Kate Healy, managing director of Generation Next at TD Ameritrade Institutional, moderated a D&I conversation panel at the conference in which advisors and industry executives pointed to incidents they themselves had experienced in their careers as members of what is still largely a white male-dominated industry.
For example, Lazetta Rainey Braxton, founder and CEO of Baltimore, Maryland-based RIA Financial Fountains, told attendees she resigned a few years ago from a wealth management firm after it didn't stand up for her when a potential new client made a derogatory comment about African Americans.
Instead of declining the business of that client, "they took the client on," recalled Braxton, who is African American. She looked into her legal rights in the matter, but "because the client said it at the client's home, there was no recourse for me" and the firm "knew that as well, too," she said. The firm, therefore, just "kind of skirt-tailed over" the issue, she told attendees, noting the incident "was the catalyst I needed to start" her own firm.
In addition, "I didn't want anybody else to go through what I went through, so I decided to pour my energy into volunteerism" for the Association of African American Financial Advisors, she told attendees.

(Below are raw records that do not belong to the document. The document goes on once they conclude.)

(* Let $E$ be a (real) topological vector space, let $\Omega$ be a nonempty open subset of $E$, and let $f_0,\dots,f_m:\Omega\to\mathbb{R}$ be functions. Let $\hat{x}$ be a solution of the problem $$(\mathcal{P}_1)\qquad \max f_0(x)\quad\text{subject to } x\in\Omega,\ f_i(x)\ge 0\ \text{for all } i\in\{1,\dots,m\}.$$ Assume: (a) for every $j\in\{i\in\{1,\dots,m\}: f_i(\hat{x})>0\}$, $f_j$ is lower semicontinuous at $\hat{x}$; (b) for every $i\in\{0,\dots,m\}$, $f_i$ is $D^-_M$-differentiable at $\hat{x}$. Then there exist $\lambda^0,\dots,\lambda^m\in\mathbb{R}_+$ such that: (i) $(\lambda^0,\dots,\lambda^m)\neq(0,\dots,0)$; (ii) $\lambda^i f_i(\hat{x})=0$ for all $i\in\{1,\dots,m\}$; (iii) $\sum_{i=0}^m \lambda^i D^-_M f_i(\hat{x})(u)\le 0$ for all $u\in E$. If, in addition, (c) there exists $w\in E$ such that $D^-_M f_i(\hat{x})(w)>0$ for every $i\in\{1,\dots,m\}$ with $f_i(\hat{x})=0$, then one can take $\lambda^0=1$.
   Context: For a function $f$ defined on an open set containing $x$ and a direction $u\in E$, the lower Dini derivative is $D^-f(x)(u):=\liminf_{t\to0^+}\frac{f(x+tu)-f(x)}{t}$, with the convention $D^-f(x)(0)=0$. The modified lower Dini derivative is $D^-_Mf(x)(u):=\inf_{w\in E}\{D^-f(x)(u+w)-D^-f(x)(w)\}$. The function $f$ is called $D^-_M$-differentiable at $x$ if $D^-_Mf(x)(u)$ and $D^-f(x)(u)$ are finite for every $u\in E$. *)

theory Defs
  imports "HOL-Analysis.Analysis"
begin

class real_tvs = real_vector + topological_space +
  assumes tvs_continuous_add:
    "\<And>a b::'a. filterlim (\<lambda>p. fst p + snd p) (nhds (a + b)) (nhds a \<times>\<^sub>F nhds b)"
  assumes tvs_continuous_scaleR:
    "\<And>(c::real) (a::'a). filterlim (\<lambda>p. fst p *\<^sub>R snd p) (nhds (c *\<^sub>R a)) (nhds c \<times>\<^sub>F nhds a)"

definition lsc_at :: "('a::topological_space \<Rightarrow> real) \<Rightarrow> 'a \<Rightarrow> bool" where
  "lsc_at f x \<longleftrightarrow> (\<forall>a. a < f x \<longrightarrow> eventually (\<lambda>y. a < f y) (nhds x))"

Under the leadership of that organization's president, she set up an annual conference "because I wanted a gathering where I saw people who looked like me, who were doing exceptional things who were not honored for their craft and for what they brought to their profession," she explained. That event is now in its seventh year, she noted, adding the goal is to "focus on the next generation of African-American financial planners."
(On Monday, Braxton and another advisor, Rianka Dorsainvil, debuted their new virtual firm, 2050 Wealth Partners.)

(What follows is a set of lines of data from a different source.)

(* Fix $A\in\mathbb R$, $T>0$ and $b\ge0$. There is a constant $C=C(A,b,T)$, not depending on $\epsilon$, such that for all sufficiently small $\epsilon>0$, all $t\in[0,\epsilon^{-2}T]$ and all $x,y\in\mathbb Z_{\ge0}$, $$\mathbf p_t^R(x,y)\le C\,(1\wedge t^{-1/2})\,e^{-b|x-y|(1\wedge t^{-1/2})}.$$
   Context: Let $p_t(x)$, $x\in\mathbb Z$, denote the whole-line semi-discrete heat kernel, i.e. the solution of $\partial_tp_t(x)=\frac12\Delta p_t(x)$, $p_0(x)=1_{\{x=0\}}$, where $\Delta f(x)=f(x+1)+f(x-1)-2f(x)$. For $\epsilon>0$ let $\mu_A=1-A\epsilon$. The half-line Robin heat kernel is, for $t\ge0$ and $x,y\in\mathbb Z_{\ge0}$, $$\mathbf p_t^R(x,y)=p_t(x-y)+\mu_Ap_t(x+y+1)+(1-\mu_A^{-2})\sum_{z=2}^\infty p_t(x+y+z)\mu_A^z;$$ it is the fundamental solution of $\partial_t\mathbf p=\frac12\Delta\mathbf p$ on $\mathbb Z_{\ge0}$ with boundary condition $\mathbf p_t^R(-1,y)=\mu_A\mathbf p_t^R(0,y)$. *)

theory Defs
  imports "HOL-Analysis.Analysis"
begin

definition srw_prob :: "nat \<Rightarrow> int \<Rightarrow> real" where
  "srw_prob n x = (if \<bar>x\<bar> \<le> int n \<and> even (int n + x)
      then real (n choose nat ((int n + x) div 2)) / 2 ^ n else 0)"

text \<open>Whole-line semi-discrete heat kernel: solution of
  d/dt p = (1/2) Laplacian p, p_0 = indicator of 0.  It is the transition kernel of
  continuous-time simple random walk with jump rate 1/2 in each direction, i.e.
  the Poisson(t) mixture of the discrete-time walk.\<close>
definition heat_kernel :: "real \<Rightarrow> int \<Rightarrow> real" where
  "heat_kernel t x = (\<Sum>n. exp (- t) * t ^ n / fact n * srw_prob n x)"

definition muA :: "real \<Rightarrow> real \<Rightarrow> real" where
  "muA A \<epsilon> = 1 - A * \<epsilon>"

text \<open>Half-line Robin heat kernel; the sum over z \<ge> 2 is reindexed as z = k + 2.\<close>
definition robin_kernel :: "real \<Rightarrow> real \<Rightarrow> real \<Rightarrow> nat \<Rightarrow> nat \<Rightarrow> real" where
  "robin_kernel A \<epsilon> t x y =
     heat_kernel t (int x - int y)
     + muA A \<epsilon> * heat_kernel t (int x + int y + 1)
     + (1 - (muA A \<epsilon>) powi (-2)) *
         (\<Sum>k. heat_kernel t (int x + int y + int k + 2) * (muA A \<epsilon>) ^ (k + 2))"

In one jaw-dropping moment, Dasarte Yarnway, a financial advisor and founder of San Francisco-based RIA Berknell Financial Group, recalled that while working as the only African American man at one firm, its CEO claimed during a staff meeting that the worst thing that ever happened to the U.S. was the abolishment of slavery.

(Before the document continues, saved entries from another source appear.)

(* There is an infinite family of directed graphs (with unit arc lengths) such that, with $n$ the number of vertices, the greedy algorithm g-HHL finds a hierarchical hub labeling of size $\Omega(n^{3/2})$ while the optimal hierarchical hub labeling has size $O(n)$.
   Context: For a directed graph $G=(V,E)$, $n=|V|$, a hub labeling assigns forward and backward labels $L_f(v),L_b(v)\subseteq V$ such that for every ordered pair $(u,w)$ with $w$ reachable from $u$, $L_f(u)\cap L_b(w)$ contains a vertex on a shortest $u$–$w$ path; its size is $\sum_v(|L_f(v)|+|L_b(v)|)$. It is hierarchical (HHL) if there is a bijection $\pi:V\to\{1,\dots,n\}$ with $u\in L_f(v)\cup L_b(v)\Rightarrow\pi(u)\le\pi(v)$. g-HHL: start with empty labels; $U$ is the set of uncovered pairs. For each not-yet-selected vertex $v$, the center graph is the bipartite graph with two copies $X,Y$ of $V$ and an arc $(u,w)$ for each $(u,w)\in U$ having a shortest $u$–$w$ path through $v$. Each iteration selects a not-yet-selected $v$ whose center graph has the most edges and adds $v$ to $L_f(u)$ for all non-isolated $u\in X$ and to $L_b(w)$ for all non-isolated $w\in Y$, until all pairs are covered. *)

theory Defs
  imports Complex_Main
begin

text \<open>Directed graph given by a finite vertex set V and an arc set E \<subseteq> V \<times> V;
  all arcs have unit length, so path length = number of arcs.\<close>

definition walk :: "('a \<times> 'a) set \<Rightarrow> 'a list \<Rightarrow> bool" where
  "walk E p \<longleftrightarrow> p \<noteq> [] \<and> (\<forall>i. Suc i < length p \<longrightarrow> (p ! i, p ! Suc i) \<in> E)"

definition reach :: "('a \<times> 'a) set \<Rightarrow> 'a \<Rightarrow> 'a \<Rightarrow> bool" where
  "reach E u w \<longleftrightarrow> (\<exists>p. walk E p \<and> hd p = u \<and> last p = w)"

definition spath :: "('a \<times> 'a) set \<Rightarrow> 'a \<Rightarrow> 'a \<Rightarrow> 'a list \<Rightarrow> bool" where
  "spath E u w p \<longleftrightarrow> walk E p \<and> hd p = u \<and> last p = w \<and>
     (\<forall>q. walk E q \<and> hd q = u \<and> last q = w \<longrightarrow> length p \<le> length q)"

definition on_sp :: "('a \<times> 'a) set \<Rightarrow> 'a \<Rightarrow> 'a \<Rightarrow> 'a \<Rightarrow> bool" where
  "on_sp E u w v \<longleftrightarrow> (\<exists>p. spath E u w p \<and> v \<in> set p)"

definition covered :: "('a \<times> 'a) set \<Rightarrow> ('a \<Rightarrow> 'a set) \<Rightarrow> ('a \<Rightarrow> 'a set) \<Rightarrow> 'a \<Rightarrow> 'a \<Rightarrow> bool" where
  "covered E Lf Lb u w \<longleftrightarrow> (\<exists>h \<in> Lf u \<inter> Lb w. on_sp E u w h)"

definition is_HL :: "'a set \<Rightarrow> ('a \<times> 'a) set \<Rightarrow> ('a \<Rightarrow> 'a set) \<Rightarrow> ('a \<Rightarrow> 'a set) \<Rightarrow> bool" where
  "is_HL V E Lf Lb \<longleftrightarrow> (\<forall>v\<in>V. Lf v \<subseteq> V \<and> Lb v \<subseteq> V) \<and>
     (\<forall>u\<in>V. \<forall>w\<in>V. reach E u w \<longrightarrow> covered E Lf Lb u w)"

definition hl_size :: "'a set \<Rightarrow> ('a \<Rightarrow> 'a set) \<Rightarrow> ('a \<Rightarrow> 'a set) \<Rightarrow> nat" where
  "hl_size V Lf Lb = (\<Sum>v\<in>V. card (Lf v) + card (Lb v))"

definition is_HHL :: "'a set \<Rightarrow> ('a \<times> 'a) set \<Rightarrow> ('a \<Rightarrow> 'a set) \<Rightarrow> ('a \<Rightarrow> 'a set) \<Rightarrow> bool" where
  "is_HHL V E Lf Lb \<longleftrightarrow> is_HL V E Lf Lb \<and>
     (\<exists>\<pi>. bij_betw \<pi> V {1..card V} \<and> (\<forall>v\<in>V. \<forall>u \<in> Lf v \<union> Lb v. \<pi> u \<le> \<pi> v))"

definition uncovered :: "'a set \<Rightarrow> ('a \<times> 'a) set \<Rightarrow> ('a \<Rightarrow> 'a set) \<Rightarrow> ('a \<Rightarrow> 'a set) \<Rightarrow> ('a \<times> 'a) set" where
  "uncovered V E Lf Lb = {(u, w). u \<in> V \<and> w \<in> V \<and> reach E u w \<and> \<not> covered E Lf Lb u w}"

definition center_edges :: "'a set \<Rightarrow> ('a \<times> 'a) set \<Rightarrow> ('a \<Rightarrow> 'a set) \<Rightarrow> ('a \<Rightarrow> 'a set) \<Rightarrow> 'a \<Rightarrow> ('a \<times> 'a) set" where
  "center_edges V E Lf Lb v = {(u, w) \<in> uncovered V E Lf Lb. on_sp E u w v}"

type_synonym 'a ghhl_state = "'a set \<times> ('a \<Rightarrow> 'a set) \<times> ('a \<Rightarrow> 'a set)"

text \<open>One iteration: S = already selected vertices. Ties in the greedy choice are
  arbitrary (any maximiser may be chosen).\<close>
definition ghhl_step :: "'a set \<Rightarrow> ('a \<times> 'a) set \<Rightarrow> 'a ghhl_state \<Rightarrow> 'a ghhl_state \<Rightarrow> bool" where
  "ghhl_step V E st st' \<longleftrightarrow>
     (case st of (S, Lf, Lb) \<Rightarrow>
       uncovered V E Lf Lb \<noteq> {} \<and>
       (\<exists>v \<in> V - S.
          (\<forall>x \<in> V - S. card (center_edges V E Lf Lb x) \<le> card (center_edges V E Lf Lb v)) \<and>
          st' = (insert v S,
                 (\<lambda>u. if u \<in> fst ` center_edges V E Lf Lb v then insert v (Lf u) else Lf u),
                 (\<lambda>w. if w \<in> snd ` center_edges V E Lf Lb v then insert v (Lb w) else Lb w))))"

definition ghhl_output :: "'a set \<Rightarrow> ('a \<times> 'a) set \<Rightarrow> ('a \<Rightarrow> 'a set) \<Rightarrow> ('a \<Rightarrow> 'a set) \<Rightarrow> bool" where
  "ghhl_output V E Lf Lb \<longleftrightarrow>
     (\<exists>S. (ghhl_step V E)\<^sup>*\<^sup>* ({}, (\<lambda>_. {}), (\<lambda>_. {})) (S, Lf, Lb) \<and> uncovered V E Lf Lb = {})"

end

theory Submission
  imports Defs
begin

text \<open>Take k sources, each with an arc to every one of k+1 middle vertices, and give every middle
  vertex k leaf children, so n = k^2 + 3k + 1. Labelling each source with itself and all middle
  vertices, and each leaf with itself and its parent, is a hierarchical hub labeling of size O(n).
  g-HHL instead starts with the sources: while a source x has an empty forward label, its center
  graph contains all k^2 + 2k + 2 pairs (x, w) with w reachable from x, whereas the center graph of
  any other vertex has at most (k+1)^2 edges. Selecting a source x puts x into the backward label
  of every leaf, so in the end each of the (k+1)k leaves carries all k sources, for a total of
  k^2(k+1) = \<Omega>(n^(3/2)).\<close>

lemma walk_nth_rtrancl:
  assumes "walk E p" "i \<le> j" "j < length p"
  shows "(p!i, p!j) \<in> E\<^sup>*"
  using assms(2,3)
proof (induction j)
  case 0 then show ?case by simp
next
  case (Suc j)
  show ?case
  proof (cases "i = Suc j")
    case False
    then have "(p!i, p!j) \<in> E\<^sup>*" using Suc by simp
    moreover have "(p!j, p!Suc j) \<in> E" using assms(1) Suc.prems unfolding walk_def by blast
    ultimately show ?thesis by (rule rtrancl_into_rtrancl)
  qed simp
qed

Noting that everybody in the room turned to look at him, he said, "it was that moment that I decided that I could create a firm" where he could "create a safe space that would allow us to serve everyone and do it in the fairest way possible."
Summit Sexism
The challenges that women face while attending financial services industry conferences, meanwhile, gained a huge spotlight last year, after off-color comments made by Ken Fisher at the Tiburon CEO Summit went public.